Thembisa resident Santo Mathiba, 50

She said she has been living in the dark for the past few weeks after the municipality disconnected their electricity.

“She [Campbell] just arrived at the council. What about the last one who couldn’t solve our problems? We can’t turn on the electric heater. We are using a paraffin heater to stay warm,” she said.

Mathiba said they strive to minimise their use of electricity but when they go to the municipal customer centre to pay for services, if they can’t afford to settle the monthly outstanding balance the municipality disconnects them.

“They mix up everything in one statement. If you don’t have money to settle your water bill in full, they cut your electricity. I am using a candle at home. They want R3,000. I don’t work. Where will I get the money?”

She said the mayor should return to the community within a month and give feedback on their grievances to “show us that she has fixed our problems”.

Sibongile Mahlangu, 58, who lives with her seven children, said she relied on her car tyre replacement and fitment business for income.
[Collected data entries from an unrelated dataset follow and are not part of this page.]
lemma ng_zero_in_carrier: "ng_zero \<in> NG_carrier V E"
  unfolding ng_zero_def NG_carrier_def by simp

lemma U_part_subset_carrier: "U_part V E \<subseteq> NG_carrier V E"
  unfolding U_part_def by blast

lemma in_ann_if_edge_sums_zero:
  assumes "simple_graph V E" "u \<in> U_part V E" "\<forall>e\<in>edges V E. sum (fst u) e = 0"
  shows "u \<in> ann V E"
proof -
  have "ng_mult V E u v = ng_zero" for v
  proof -
    have "snd (ng_mult V E u v) e = 0" for e
      using assms
      by (cases "e \<in> edges V E") (simp_all add: ng_mult_edge_coeff ng_mult_nonedge_coeff)
    then show ?thesis unfolding ng_zero_def by (simp add: prod_eq_iff fun_eq_iff)
  qed
  with assms(2) show ?thesis unfolding ann_def by blast
qed

lemma U_part_eq_smul_if_edge_sums:
  fixes c :: "'a::field"
  assumes G: "simple_graph V E" and ann: "ann V E = {ng_zero :: ('v, 'a) ngelem}"
    and u: "u \<in> U_part V E" and w: "w \<in> U_part V E"
    and sums: "\<forall>e\<in>edges V E. sum (fst w) e = c * sum (fst u) e"
  shows "w = ng_smul c u"
proof -
  define d :: "('v, 'a) ngelem" where "d = ((\<lambda>x. fst w x - c * fst u x), (\<lambda>_. 0))"
  have "d \<in> U_part V E"
    using u w unfolding d_def U_part_def NG_carrier_def by auto
  moreover have "\<forall>e\<in>edges V E. sum (fst d) e = 0"
    using sums unfolding d_def by (simp add: sum_subtractf sum_distrib_left)
  ultimately have "d \<in> ann V E" by (rule in_ann_if_edge_sums_zero[OF G])
  with ann have "d = ng_zero" by blast
  then show ?thesis
    using u w unfolding d_def ng_zero_def ng_smul_def U_part_def
    by (auto simp: prod_eq_iff fun_eq_iff)
qed

definition edge_factor :: "(('v, 'a::field) ngelem \<Rightarrow> ('v, 'a) ngelem) \<Rightarrow> 'v set \<Rightarrow> 'a" where
  "edge_factor g e = (SOME c. g (edge_vec e) = ng_smul c (edge_vec e))"

locale edge_scaling_automorphism =
  fixes V :: "'v set" and E :: "'v \<Rightarrow> 'v \<Rightarrow> bool"
    and g :: "('v, 'a::field) ngelem \<Rightarrow> ('v, 'a) ngelem"
  assumes graph: "simple_graph V E"
    and automorphism: "ng_automorphism V E g"
    and scaling: "edge_scaling V E g"
begin

lemma map_add:
  "a \<in> NG_carrier V E \<Longrightarrow> b \<in> NG_carrier V E \<Longrightarrow> g (ng_add a b) = ng_add (g a) (g b)"
  using automorphism unfolding ng_automorphism_def by (elim conjE) simp

lemma map_smul: "a \<in> NG_carrier V E \<Longrightarrow> g (ng_smul c a) = ng_smul c (g a)"
  using automorphism unfolding ng_automorphism_def by (elim conjE) simp

lemma map_mult:
  "a \<in> NG_carrier V E \<Longrightarrow> b \<in> NG_carrier V E \<Longrightarrow> g (ng_mult V E a b) = ng_mult V E (g a) (g b)"
  using automorphism unfolding ng_automorphism_def by (elim conjE) simp

lemma inj_on_carrier: "inj_on g (NG_carrier V E)"
  using automorphism unfolding ng_automorphism_def by (elim conjE) (rule bij_betw_imp_inj_on)

lemma map_U_part: "a \<in> U_part V E \<Longrightarrow> g a \<in> U_part V E"
  using automorphism unfolding ng_automorphism_def by (elim conjE) blast

lemma map_zero: "g ng_zero = ng_zero"
proof -
  have "g ng_zero = g (ng_smul 0 ng_zero)"
    by (simp add: ng_smul_def ng_zero_def)
  also have "\<dots> = ng_smul 0 (g ng_zero)"
    by (rule map_smul[OF ng_zero_in_carrier])
  also have "\<dots> = ng_zero"
    by (simp add: ng_smul_def ng_zero_def)
  finally show ?thesis .
qed

lemma edge_factor:
  assumes "e \<in> edges V E"
  shows "g (edge_vec e) = ng_smul (edge_factor g e) (edge_vec e)"
proof -
  have "\<exists>c. g (edge_vec e) = ng_smul c (edge_vec e)"
    using scaling assms unfolding edge_scaling_def by blast
  then show ?thesis unfolding edge_factor_def by (rule someI_ex)
qed

lemma edge_factor_nonzero:
  assumes e: "e \<in> edges V E"
  shows "edge_factor g e \<noteq> 0"
proof
  assume "edge_factor g e = 0"
  then have "g (edge_vec e) = ng_zero"
    using edge_factor[OF e] by (simp add: ng_smul_def ng_zero_def)
  then have "g (edge_vec e) = g ng_zero"
    by (simp only: map_zero)
  then have "edge_vec e = (ng_zero :: ('v, 'a) ngelem)"
    by (rule inj_onD[OF inj_on_carrier _ edge_vec_in_carrier[OF e] ng_zero_in_carrier])
  then have "snd (edge_vec e :: ('v, 'a) ngelem) e = snd (ng_zero :: ('v, 'a) ngelem) e"
    by (rule arg_cong)
  then show False
    unfolding edge_vec_def ng_zero_def by simp
qed

lemma map_Z_part_supported:
  assumes "finite F" "F \<subseteq> edges V E"
  shows "g ((\<lambda>_. 0), (\<lambda>f. if f \<in> F then z f else 0))
       = ((\<lambda>_. 0), (\<lambda>f. if f \<in> F then edge_factor g f * z f else 0))"
  using assms
proof (induction F)
  case empty
  then show ?case using map_zero by (simp add: ng_zero_def)
next
  case (insert e F)
  let ?a = "((\<lambda>_. 0), (\<lambda>f. if f \<in> F then z f else 0)) :: ('v, 'a) ngelem"
  have e: "e \<in> edges V E" and F: "F \<subseteq> edges V E" using insert.prems by auto
  have a: "?a \<in> NG_carrier V E" using F unfolding NG_carrier_def by auto
  have b: "ng_smul (z e) (edge_vec e) \<in> NG_carrier V E"
    using e unfolding ng_smul_def edge_vec_def NG_carrier_def by auto
  have "((\<lambda>_. 0), (\<lambda>f. if f \<in> insert e F then z f else 0))
      = ng_add ?a (ng_smul (z e) (edge_vec e))"
    using insert.hyps(2) unfolding ng_add_def ng_smul_def edge_vec_def by (auto simp: fun_eq_iff)
  then have "g ((\<lambda>_. 0), (\<lambda>f. if f \<in> insert e F then z f else 0))
      = ng_add (g ?a) (ng_smul (z e) (ng_smul (edge_factor g e) (edge_vec e)))"
    by (simp add: map_add[OF a b] map_smul[OF edge_vec_in_carrier[OF e]] edge_factor[OF e])
  also have "\<dots> = ((\<lambda>_. 0), (\<lambda>f. if f \<in> insert e F then edge_factor g f * z f else 0))"
    using insert.hyps(2) unfolding insert.IH[OF F] ng_add_def ng_smul_def edge_vec_def
    by (auto simp: fun_eq_iff)
  finally show ?case .
qed

lemma map_Z_part:
  assumes "a \<in> Z_part V E"
  shows "g a = ((\<lambda>_. 0), (\<lambda>f. edge_factor g f * snd a f))"
proof -
  have "a = ((\<lambda>_. 0), (\<lambda>f. if f \<in> edges V E then snd a f else 0))"
    using assms unfolding Z_part_def NG_carrier_def by (auto simp: prod_eq_iff fun_eq_iff)
  then have "g a = ((\<lambda>_. 0), (\<lambda>f. if f \<in> edges V E then edge_factor g f * snd a f else 0))"
    using map_Z_part_supported[OF finite_edges[OF graph] order.refl] by metis
  also have "\<dots> = ((\<lambda>_. 0), (\<lambda>f. edge_factor g f * snd a f))"
    using assms unfolding Z_part_def NG_carrier_def by (auto simp: fun_eq_iff)
  finally show ?thesis .
qed
(* For every integer $n \ge 1$ there exists a word $w_n$ of length $6n$ over an alphabet of $2n$ letters with $\mathrm{E}(w_n) = 1$ such that $$n - \tfrac{1}{6} < \mathrm{E}_{\mathcal{I}}(w_n) < \infty,$$ where $\mathrm{E}_{\mathcal{I}}$ is taken with $\Sigma$ the $2n$-letter alphabet of $w_n$ and $\Gamma$ any finite alphabet with at least two letters.
   Context: For a nonempty word $v$ and integer $p\ge 0$, $v^{p/|v|}$ denotes the prefix of length $p$ of $vvv\cdots$. For a nonempty finite word $u$, $\mathrm{E}(u) = \sup\{ r \in \mathbb{Q} : u = v^r \text{ for some nonempty word } v\}$. $\mathcal{I}$ is the set of injective morphisms $\Sigma^* \to \Gamma^*$, and for $w\in\Sigma^+$, $\mathrm{E}_{\mathcal{I}}(w) = \sup\{\mathrm{E}(h(w)) : h \in \mathcal{I}\}$. *)

theory Defs
  imports Main "HOL-Library.Extended_Real"
begin

text \<open>Words are lists; letters are natural numbers (any finite alphabet is
isomorphic to a finite set of naturals).\<close>

definition word_pow_prefix :: "'a list \<Rightarrow> nat \<Rightarrow> 'a list" where
  "word_pow_prefix v p = take p (concat (replicate p v))"

definition is_rat_power :: "'a list \<Rightarrow> 'a list \<Rightarrow> rat \<Rightarrow> bool" where
  "is_rat_power u v r \<longleftrightarrow> v \<noteq> [] \<and> r \<ge> 0 \<and> r * of_nat (length v) = of_nat (length u)
     \<and> u = word_pow_prefix v (length u)"

definition crit_exp :: "'a list \<Rightarrow> real" where
  "crit_exp u = Sup {real_of_rat r | r. \<exists>v. is_rat_power u v r}"

definition morph :: "('a \<Rightarrow> 'b list) \<Rightarrow> 'a list \<Rightarrow> 'b list" where
  "morph h u = concat (map h u)"

definition inj_morphs :: "'a set \<Rightarrow> 'b set \<Rightarrow> ('a \<Rightarrow> 'b list) set" where
  "inj_morphs Sig Gam = {h. (\<forall>a\<in>Sig. h a \<in> lists Gam) \<and> inj_on (morph h) (lists Sig)}"

text \<open>E_I(w), with Sigma the alphabet of w (the set of its letters) and target alphabet Gamma.\<close>
definition crit_exp_I :: "'b set \<Rightarrow> 'a list \<Rightarrow> ereal" where
  "crit_exp_I Gamma w = (SUP h \<in> inj_morphs (set w) Gamma. ereal (crit_exp (morph h w)))"

end

theory Submission
  imports Defs
begin

(* The witness w_n is the concatenation of the blocks aababb with a = 2k, b = 2k+1, k < n;
   it has no proper period, so E(w_n) = 1.

   Lower bound: under the injective morphism c |-> x^c y x^(2n-c) all blocks have the same
   image up to padding by x's, so h(w_n) x^(2n) = V^n with |V| = 12n+8, whence
   E(h(w_n)) >= (12n^2+6n)/(12n+8) > n - 1/6.

   Upper bound: every letter c of w_n occurs in a factor c s c t c with cs and ct not
   commuting. Let P be the minimal period of h(w_n) for an injective h. If |h c| >= P, the
   two occurrences of h(c) at distance |h(cs)| force P to divide |h(cs)|, likewise |h(ct)|,
   and factors of a P-periodic word whose lengths are multiples of P commute; so h(cs) and
   h(ct) commute, contradicting injectivity. Hence every |h c| < P, every period of h(w_n)
   is at least |h(w_n)| / |w_n|, and E_I(w_n) <= 6n. *)

definition has_period :: "'a list \<Rightarrow> nat \<Rightarrow> bool" where
  "has_period u p \<longleftrightarrow> (\<forall>i. i + p < length u \<longrightarrow> u ! i = u ! (i + p))"

lemma has_period_nth_mod:
  assumes "has_period u p" "0 < p" "i < length u"
  shows "u ! i = u ! (i mod p)"
  using assms(3)
proof (induction i rule: less_induct)
  case (less i)
  show ?case
  proof (cases "i < p")
    case False
    then have "u ! (i - p) = u ! ((i - p) mod p)" using less assms(2) by simp
    moreover have "u ! (i - p) = u ! i"
      using assms(1) less.prems False unfolding has_period_def by (metis le_add_diff_inverse2 not_less)
    moreover have "(i - p) mod p = i mod p" using False by (simp add: le_mod_geq)
    ultimately show ?thesis by simp
  qed simp
qed

lemma has_period_nth_cong:
  assumes "has_period u p" "0 < p" "i < length u" "j < length u" "i mod p = j mod p"
  shows "u ! i = u ! j"
  using has_period_nth_mod[OF assms(1,2)] assms(3-5) by metis

lemma exists_minimal_period:
  assumes "0 < p" "has_period u p"
  obtains q where "q \<le> p" "0 < q" "has_period u q" "\<And>r. 0 < r \<Longrightarrow> r < q \<Longrightarrow> \<not> has_period u r"
proof -
  let ?P = "\<lambda>q. 0 < q \<and> has_period u q"
  have "?P (Least ?P)" "Least ?P \<le> p" using LeastI[of ?P p] Least_le[of ?P p] assms by auto
  moreover have "\<not> has_period u r" if "0 < r" "r < Least ?P" for r
    using not_less_Least[of r ?P] \<open>0 < r\<close> \<open>r < Least ?P\<close> by blast
  ultimately show thesis using that by blast
qed

text \<open>The periodic extension of \<open>u\<close> is invariant under the shift \<open>d\<close>, hence under
  \<open>d mod P\<close>, which is then a period of \<open>u\<close> shorter than \<open>P\<close> unless it vanishes.\<close>
lemma minimal_period_dvd_shift:
  assumes per: "has_period u P" and P_pos: "0 < P"
    and minimal: "\<And>q. 0 < q \<Longrightarrow> q < P \<Longrightarrow> \<not> has_period u q"
    and repeat: "\<And>s. s < P \<Longrightarrow> u ! (a + s) = u ! (a + d + s)"
    and len: "a + d + P \<le> length u"
  shows "P dvd d"
proof -
  define f where "f x = u ! (x mod P)" for x
  have u_f: "u ! i = f i" if "i < length u" for i
    using has_period_nth_mod[OF per P_pos that] by (simp add: f_def)
  have shift: "f (x + d) = f x" for x
  proof -
    define s where "s = (x + (P - a mod P)) mod P"
    have "s < P" using P_pos by (simp add: s_def)
    have "(a + s) mod P = (a mod P + (x + (P - a mod P))) mod P"
      by (simp add: s_def mod_simps)
    also have "a mod P + (x + (P - a mod P)) = x + P"
      using mod_less_divisor[OF P_pos, of a] by linarith
    finally have as: "(a + s) mod P = x mod P" by simp
    then have ads: "(a + d + s) mod P = (x + d) mod P"
      by (metis add.commute add.left_commute mod_add_right_eq)
    have "f x = u ! (a + s)" using as u_f \<open>s < P\<close> len by (simp add: f_def)
    also have "\<dots> = u ! (a + d + s)" using repeat \<open>s < P\<close> .
    also have "\<dots> = f (x + d)" using ads u_f \<open>s < P\<close> len by (simp add: f_def)
    finally show ?thesis by simp
  qed
  have "has_period u (d mod P)" unfolding has_period_def
  proof (intro allI impI)
    fix i assume "i + d mod P < length u"
    moreover have "f (i + d mod P) = f (i + d)" by (simp add: f_def mod_simps)
    ultimately show "u ! i = u ! (i + d mod P)" using u_f shift by simp
  qed
  then show ?thesis using minimal[of "d mod P"] P_pos by (auto simp: dvd_eq_mod_eq_0)
qed

text \<open>\<open>Y @ X\<close> is a rotation of \<open>X @ Y\<close> by a multiple of the period.\<close>
lemma has_period_factors_commute:
  assumes per: "has_period u P" and P_pos: "0 < P"
    and u: "u = pre @ X @ Y @ post" and X: "P dvd length X" and Y: "P dvd length Y"
  shows "X @ Y = Y @ X"
proof (rule nth_equalityI)
  show "length (X @ Y) = length (Y @ X)" by simp
  fix i assume i: "i < length (X @ Y)"
  let ?L = "length (X @ Y)"
  have u_XY: "u ! (length pre + j) = (X @ Y) ! j" if "j < ?L" for j
    using that u nth_append_left[of j "X @ Y" post] by simp
  have "(length X + i) mod ?L mod P = (length X + i) mod P"
    using dvd_add[OF X Y] by (simp add: mod_mod_cancel)
  also have "\<dots> = i mod P" using X by (metis add_0 dvd_imp_mod_0 mod_add_left_eq)
  finally have cong: "(length pre + (length X + i) mod ?L) mod P = (length pre + i) mod P"
    by (metis mod_add_right_eq)
  have mod_lt: "(length X + i) mod ?L < ?L" using i by (intro mod_less_divisor) linarith
  have "(Y @ X) ! i = rotate (length X) (X @ Y) ! i" by (simp add: rotate_append)
  also have "\<dots> = u ! (length pre + (length X + i) mod ?L)"
    using nth_rotate[OF i, of "length X"] u_XY[OF mod_lt] by simp
  also have "\<dots> = u ! (length pre + i)"
    by (rule has_period_nth_cong[OF per P_pos _ _ cong]) (use i mod_lt in \<open>simp_all add: u\<close>)
  also have "\<dots> = (X @ Y) ! i" using i u_XY by simp
  finally show "(X @ Y) ! i = (Y @ X) ! i" by simp
qed
lemma matrix_mul_sum_left: "(\<Sum>j\<in>S. f j) ** (C::'a::semiring_1^'p^'n) = (\<Sum>j\<in>S. f j ** C)"
  using sum_comp_morphism[of "\<lambda>X. X ** C" f S] by (simp add: matrix_add_rdistrib o_def)

lemma matrix_mul_sum_right: "(C::'a::semiring_1^'n^'m) ** (\<Sum>j\<in>S. f j) = (\<Sum>j\<in>S. C ** f j)"
  using sum_comp_morphism[of "\<lambda>X. C ** X" f S] by (simp add: matrix_add_ldistrib o_def)

lemma matrix_vector_mult_sum_left: "(\<Sum>j\<in>S. f j) *v (x::'a::semiring_1^'n) = (\<Sum>j\<in>S. f j *v x)"
  using sum_comp_morphism[of "\<lambda>M. M *v x" f S] by (simp add: matrix_vector_mult_add_rdistrib o_def)

lemma matrix_inv_left: "invertible (A::'a::semiring_1^'n^'n) \<Longrightarrow> matrix_inv A ** A = mat 1"
  and matrix_inv_right: "invertible (A::'a::semiring_1^'n^'n) \<Longrightarrow> A ** matrix_inv A = mat 1"
  unfolding invertible_def matrix_inv_def by (metis (mono_tags, lifting) someI_ex)+

lemma matrix_inv_unique: "(A::'a::field^'n^'n) ** B = mat 1 \<Longrightarrow> matrix_inv A = B"
  by (metis invertible_right_inverse matrix_inv_left matrix_mul_assoc matrix_mul_lid matrix_mul_rid)

lemma invertible_matrix_inv: "invertible (A::'a::semiring_1^'n^'n) \<Longrightarrow> invertible (matrix_inv A)"
  using invertible_def matrix_inv_left matrix_inv_right by blast

lemma matrix_inv_matrix_inv: "invertible (A::'a::field^'n^'n) \<Longrightarrow> matrix_inv (matrix_inv A) = A"
  by (simp add: matrix_inv_left matrix_inv_unique)
section \<open>Expansions in the Bernstein basis\<close>

lemma bern_list_coeff_unique:
  assumes ab: "a < b" and g: "admissible a b L" and len: "length L = Suc n"
    and eq: "\<forall>x\<in>{a..b}. (\<Sum>k\<le>n. e k * bern_list a b L k x) = (\<Sum>k\<le>n. c k * bern_list a b L k x)"
  shows "\<forall>k\<le>n. e k = c k"
proof -
  have "\<forall>x\<in>{a..b}. (\<Sum>k<length L. (e k - c k) * bern_list a b L k x) = 0"
    using eq by (simp add: len lessThan_Suc_atMost left_diff_distrib sum_subtractf)
  then have "\<forall>k<length L. e k - c k = 0" by (rule bern_list_independent[OF ab g])
  then show ?thesis using len by (simp add: less_Suc_eq_le)
qed

lemma bern_list_expansion:
  assumes ab: "a < b" and g: "admissible a b L" and fE: "f \<in> Esol L" and len: "length L = Suc n"
  shows "\<exists>c. \<forall>x. f x = (\<Sum>k\<le>n. c k * bern_list a b L k x)"
  using bern_list_spans[OF ab g fE] len by (simp add: lessThan_Suc_atMost)

lemma real_coefficients:
  assumes ab: "a < b" and g: "admissible a b L" and len: "length L = Suc n" and rF: "real_valued F"
    and rep: "\<forall>x. F x = (\<Sum>k\<le>n. c k * bern_list a b L k x)"
  shows "\<forall>k\<le>n. Im (c k) = 0"
proof -
  have pr: "cnj (bern_list a b L k x) = bern_list a b L k x" if "k \<le> n" for k x
    using bern_list_real[OF ab g, of k] that len by (simp add: real_valued_def complex_eq_iff)
  have "(\<Sum>k\<le>n. cnj (c k) * bern_list a b L k x) = (\<Sum>k\<le>n. c k * bern_list a b L k x)" for x
  proof -
    have "(\<Sum>k\<le>n. cnj (c k) * bern_list a b L k x) = cnj (F x)"
      unfolding rep[rule_format] by (simp add: pr)
    also have "\<dots> = F x" using rF by (simp add: real_valued_def complex_eq_iff)
    finally show ?thesis using rep by simp
  qed
  then have "\<forall>k\<le>n. cnj (c k) = c k" by (intro bern_list_coeff_unique[OF ab g len] ballI)
  then show ?thesis by (simp add: complex_eq_iff)
qed

lemma decrease_imp_negative_derivative:
  fixes G :: "real \<Rightarrow> real"
  assumes ab: "a < b" and G: "\<And>x. (G has_real_derivative G' x) (at x)" and dec: "G b < G a"
  shows "\<exists>z\<in>{a<..<b}. G' z < 0"
proof -
  have "continuous_on {a..b} G" by (intro continuous_at_imp_continuous_on ballI DERIV_isCont[OF G])
  moreover have "G differentiable (at x)" for x using G by (metis real_differentiable_def)
  ultimately obtain l z where z: "a < z" "z < b" "DERIV G z :> l" "G b - G a = (b - a) * l"
    using MVT[OF ab] by blast
  have "l = G' z" using DERIV_unique[OF z(3) G] .
  moreover have "(b - a) * l < 0" using z(4) dec by simp
  ultimately show ?thesis using ab z(1,2) by (auto simp: mult_less_0_iff)
qed

lemma abel_summation:
  fixes t s :: "nat \<Rightarrow> complex"
  shows "(\<Sum>k\<le>n. t k * (s k - (if k = 0 then 0 else s (k - 1)))) = t n * s n + (\<Sum>k<n. (t k - t (Suc k)) * s k)"
  by (induction n) (simp_all add: algebra_simps)

lemma Re_hasder: "(g has_vector_derivative d) (at x) \<Longrightarrow> ((\<lambda>x. Re (g x)) has_real_derivative Re d) (at x)"
  unfolding has_real_derivative_iff_has_vector_derivative
  by (rule bounded_linear.has_vector_derivative[OF bounded_linear_Re])

text \<open>We show that all \<open>c\<^sub>k\<close> are positive.\<close>

locale exp_expansion =
  fixes a b :: real and \<mu> :: complex and L' :: "complex list" and c :: "nat \<Rightarrow> complex"
  assumes ab: "a < b" and adm: "admissible a b (\<mu> # L')" and mr: "Im \<mu> = 0"
    and rep: "\<forall>x. expf \<mu> x = (\<Sum>k\<le>length L'. c k * bern_list a b (\<mu> # L') k x)"
begin

abbreviation "n \<equiv> length L'"
abbreviation "p \<equiv> bern_list a b (\<mu> # L')"
abbreviation "q \<equiv> bern_list a b L'"

lemma adm_tail: "admissible a b L'"
proof -
  have "cnj_closed (remove1 \<mu> (\<mu> # L'))" using cnj_closed_remove_real[of "\<mu> # L'" \<mu>, OF _ _ mr] adm by (simp add: admissible_def)
  then show ?thesis using adm by (simp add: admissible_def)
qed

lemma p_props: assumes "k \<le> n"
  shows "p k \<in> Esol (\<mu> # L')" "flat (p k) a k" "(Dop ^^ k) (p k) a = 1"
    "flat (p k) b (n - k)" "(Dop ^^ (n - k)) (p k) b \<noteq> 0" "real_valued (p k)" "smooth_fun (p k)"
  using bern_list_props[OF ab adm, of k] bern_list_real[OF ab adm, of k] assms Esol_smooth by auto

lemma c_real: "k \<le> n \<Longrightarrow> Im (c k) = 0"
  using real_coefficients[OF ab adm _ real_valued_expf[OF mr] rep] by simp

lemma p_a: "k \<le> n \<Longrightarrow> p k a = (if k = 0 then 1 else 0)"
  using p_props(3)[of k] flat_imp_zero[OF p_props(2)[of k]] by (cases k) auto

lemma p_b: "k < n \<Longrightarrow> p k b = 0"
  using flat_imp_zero[OF p_props(4)[of k]] by simp

lemma c0: "c 0 = expf \<mu> a"
proof -
  have "expf \<mu> a = (\<Sum>k\<le>n. c k * p k a)" using rep by simp
  also have "\<dots> = (\<Sum>k\<le>n. if k = 0 then c 0 else 0)" by (rule sum.cong) (auto simp: p_a)
  finally show ?thesis by simp
qed

text \<open>Since \<open>(D - \<mu>) exp (\<mu> x) = 0\<close>, it equals minus
  the tail sum over \<open>j > k\<close>, so it lies in \<open>Esol L'\<close> with zeros of order \<open>k\<close> at \<open>a\<close> and
  \<open>n - 1 - k\<close> at \<open>b\<close>: it is a multiple \<open>\<sigma> k\<close> of the basis element \<open>q k\<close>.\<close>

definition Dsum :: "nat \<Rightarrow> real \<Rightarrow> complex" where
  "Dsum k = (\<lambda>x. \<Sum>j\<le>k. c j * Dminus \<mu> (p j) x)"

lemma Dminus_p_Esol: "j \<le> n \<Longrightarrow> Dminus \<mu> (p j) \<in> Esol L'"
  using p_props(1) Esol_Cons by blast

lemma Dminus_p_smooth: "j \<le> n \<Longrightarrow> smooth_fun (Dminus \<mu> (p j))"
  using smooth_Dminus p_props(7) by blast

lemma Dminus_sum_zero: "(\<lambda>x. \<Sum>j\<le>n. c j * Dminus \<mu> (p j) x) = (\<lambda>x. 0)"
proof -
  have "Dminus \<mu> (\<lambda>x. \<Sum>j\<le>n. c j * p j x) = (\<lambda>x. \<Sum>j\<le>n. c j * Dminus \<mu> (p j) x)"
    by (rule Dminus_lincomb) (auto intro: p_props(7))
  moreover have "(\<lambda>x. \<Sum>j\<le>n. c j * p j x) = expf \<mu>" using rep by auto
  ultimately show ?thesis by (simp add: Dminus_expf)
qed

lemma Dsum_tail: assumes "k \<le> n" shows "Dsum k = (\<lambda>x. - (\<Sum>j\<in>{k<..n}. c j * Dminus \<mu> (p j) x))"
proof
  fix x
  have "{..n} = {..k} \<union> {k<..n}" using assms by auto
  then have "(\<Sum>j\<le>n. c j * Dminus \<mu> (p j) x) = (\<Sum>j\<le>k. c j * Dminus \<mu> (p j) x) + (\<Sum>j\<in>{k<..n}. c j * Dminus \<mu> (p j) x)"
    by (simp add: sum.union_disjoint ivl_disj_int)
  then show "Dsum k x = - (\<Sum>j\<in>{k<..n}. c j * Dminus \<mu> (p j) x)"
    using fun_cong[OF Dminus_sum_zero, of x] by (simp add: Dsum_def eq_neg_iff_add_eq_0 add.commute)
qed

lemma Dsum_Esol: "k \<le> n \<Longrightarrow> Dsum k \<in> Esol L'"
  unfolding Dsum_def by (intro Esol_lincomb Dminus_p_Esol) auto

lemma Dsum_smooth: "k \<le> n \<Longrightarrow> smooth_fun (Dsum k)"
  using Dsum_Esol Esol_smooth by blast

lemma Dsum_flat_a: assumes "k \<le> n" shows "flat (Dsum k) a k"
proof -
  have "flat (\<lambda>x. \<Sum>j\<in>{k<..n}. c j * Dminus \<mu> (p j) x) a k"
  proof (rule flat_lincomb)
    fix j assume j: "j \<in> {k<..n}"
    show "smooth_fun (Dminus \<mu> (p j))" using j Dminus_p_smooth by auto
    have "flat (Dminus \<mu> (p j)) a (j - 1)" using j by (intro flat_Dminus p_props) auto
    then show "flat (Dminus \<mu> (p j)) a k" using j by (elim flat_mono) auto
  qed auto
  then show ?thesis unfolding Dsum_tail[OF assms]
    by (intro flat_uminus smooth_lincomb) (auto intro: Dminus_p_smooth)
qed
She said without others employed in her home, a large portion of the money generated from the business is used to pay municipal bills.

“When you go to the customer centre to inquire about your monthly statement, they tell you there is a mistake and that they will solve it, but within two weeks they cut your electricity,” she said.

She said last week she received a statement that shocked her.

“I am used to paying R1,800 or close to R2,000 but they say I must pay R5,000. How is that possible? Enough is enough. We are tired here in Thembisa.”

Thembisa resident Trevor Kamoto, 30, believes the mayor should have discussed the solutions in more detail.
Thembisa resident Trevor Kamoto, 30, believes the mayor should have discussed the solutions in more detail.
Image: Phathu Luvhengo

Trevor Kamoto, 30, who told TimesLIVE he is one of the community’s leaders, was dismissive: “The mayor didn’t come here to speak to the people of Thembisa. She came here to give a press briefing.

“She says she is addressing our issues but failed to go into the depth of the problems.”